Every URL needs to be processed only once and kept in a 'visited' set or list to prevent reprocessing. The 'getUrls' function call, whether it is performed using Python's htmlParser.getUrls, JavaScript's htmlParser.getUrls or Java's htmlParser.getUrls, will involve parsing the webpage's HTML associated with the URL and would theoretically involve a time complexity of O(M) where M is the size of the webpage (e.g., in kilobytes, megabytes). However, in practice, as large parts of HTML are likely to be similar across different web pages of the same website, the parsing can be faster than O(M).

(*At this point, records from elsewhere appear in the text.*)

(* Let $\Gamma$ be a highly-regular graph with $3\le\operatorname{diam}(\Gamma)<\infty$. Then the complement $\overline{\Gamma}$ is a highly-regular graph with $\operatorname{diam}(\overline{\Gamma})=2$ which is not distance-regular.
   Context: All graphs are finite, undirected, without loops or multiple edges; the diameter of a disconnected graph is $\infty$. $\overline{\Gamma}$ has vertex set $V(\Gamma)$ and edges exactly the pairs of distinct vertices not adjacent in $\Gamma$. A graph $\Gamma$ of order $n$ is highly-regular with collapsed adjacency matrix (CAM) $C=[c_{i,j}]_{1\le i,j\le m}$, where $2\le m<n$ (the value $m=n$ is allowed only when $n=2$), if for every vertex $u$ there is a partition of $V(\Gamma)$ into nonempty sets $V_1(u)=\{u\},V_2(u),\dots,V_m(u)$ such that for all $i,j$, every vertex $y\in V_j(u)$ is adjacent to exactly $c_{i,j}$ vertices of $V_i(u)$. A connected graph $\Gamma$ is distance-regular if for all $u,v$ the numbers $|D_1(v)\cap D_{i-1}(u)|$, $|D_1(v)\cap D_i(u)|$, $|D_1(v)\cap D_{i+1}(u)|$ depend only on $i=d(u,v)$, where $D_i(u)=\{v:d(u,v)=i\}$. *)

theory Defs
  imports Main "HOL-Library.Extended_Nat"
begin

text \<open>A finite simple graph: finite vertex set V, adjacency relation E that is
symmetric and irreflexive (only its restriction to V matters).\<close>
definition graph :: "'a set \<Rightarrow> ('a \<Rightarrow> 'a \<Rightarrow> bool) \<Rightarrow> bool" where
  "graph V E \<longleftrightarrow> finite V \<and> (\<forall>x y. E x y \<longrightarrow> E y x) \<and> (\<forall>x. \<not> E x x)"

definition compl_graph :: "'a set \<Rightarrow> ('a \<Rightarrow> 'a \<Rightarrow> bool) \<Rightarrow> 'a \<Rightarrow> 'a \<Rightarrow> bool" where
  "compl_graph V E x y \<longleftrightarrow> x \<in> V \<and> y \<in> V \<and> x \<noteq> y \<and> \<not> E x y"

definition walk :: "'a set \<Rightarrow> ('a \<Rightarrow> 'a \<Rightarrow> bool) \<Rightarrow> 'a list \<Rightarrow> bool" where
  "walk V E xs \<longleftrightarrow> xs \<noteq> [] \<and> set xs \<subseteq> V \<and> (\<forall>i. Suc i < length xs \<longrightarrow> E (xs ! i) (xs ! Suc i))"

definition gdist :: "'a set \<Rightarrow> ('a \<Rightarrow> 'a \<Rightarrow> bool) \<Rightarrow> 'a \<Rightarrow> 'a \<Rightarrow> enat" where
  "gdist V E u v = (INF xs \<in> {xs. walk V E xs \<and> hd xs = u \<and> last xs = v}. enat (length xs - 1))"

definition diam :: "'a set \<Rightarrow> ('a \<Rightarrow> 'a \<Rightarrow> bool) \<Rightarrow> enat" where
  "diam V E = (SUP u \<in> V. SUP v \<in> V. gdist V E u v)"

text \<open>Highly-regular: there are m and a collapsed adjacency matrix C such that for
every vertex u there is a partition of V into nonempty cells labelled 1..m
(given by a labelling P), with cell 1 equal to {u}, and every y in cell j has exactly
C i j neighbours in cell i.\<close>
definition highly_regular :: "'a set \<Rightarrow> ('a \<Rightarrow> 'a \<Rightarrow> bool) \<Rightarrow> bool" where
  "highly_regular V E \<longleftrightarrow>
    (\<exists>(m::nat) (C::nat \<Rightarrow> nat \<Rightarrow> nat).
      ((2 \<le> m \<and> m < card V) \<or> (m = card V \<and> card V = 2)) \<and>
      (\<forall>u\<in>V. \<exists>P :: 'a \<Rightarrow> nat.
         (\<forall>x\<in>V. P x \<in> {1..m}) \<and>
         {x\<in>V. P x = 1} = {u} \<and>
         (\<forall>i\<in>{1..m}. \<exists>x\<in>V. P x = i) \<and>
         (\<forall>i\<in>{1..m}. \<forall>j\<in>{1..m}. \<forall>y\<in>V. P y = j \<longrightarrow>
             card {x\<in>V. P x = i \<and> E x y} = C i j)))"

definition dsphere :: "'a set \<Rightarrow> ('a \<Rightarrow> 'a \<Rightarrow> bool) \<Rightarrow> 'a \<Rightarrow> nat \<Rightarrow> 'a set" where
  "dsphere V E u i = {v\<in>V. gdist V E u v = enat i}"

definition nbrs :: "'a set \<Rightarrow> ('a \<Rightarrow> 'a \<Rightarrow> bool) \<Rightarrow> 'a \<Rightarrow> 'a set" where
  "nbrs V E v = {x\<in>V. E v x}"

In any case, the time complexity, while proportional to N and M, does not involve any quadratic or exponential factors attributable to the algorithm itself. Depending on the specific use-case and requirements, it could be possible to optimize the web-page crawling even further by using concurrent requests to fetch multiple webpages at the same time, or by caching commonly found parts of the website's HTML structure to speed up the parsing. For a website having thousands or tens of thousands of linked URLs, these optimizations can reduce the runtime by a significant margin. However, be aware that such high request rates will likely be seen as an attack by the servers of the website being crawled, and could result in IP bans.
Always keep in mind the ethical aspects and terms of service use when building a web crawler. Respect the rules specified in the website's robots.txt file, and do not overload the servers with excessively high request rates.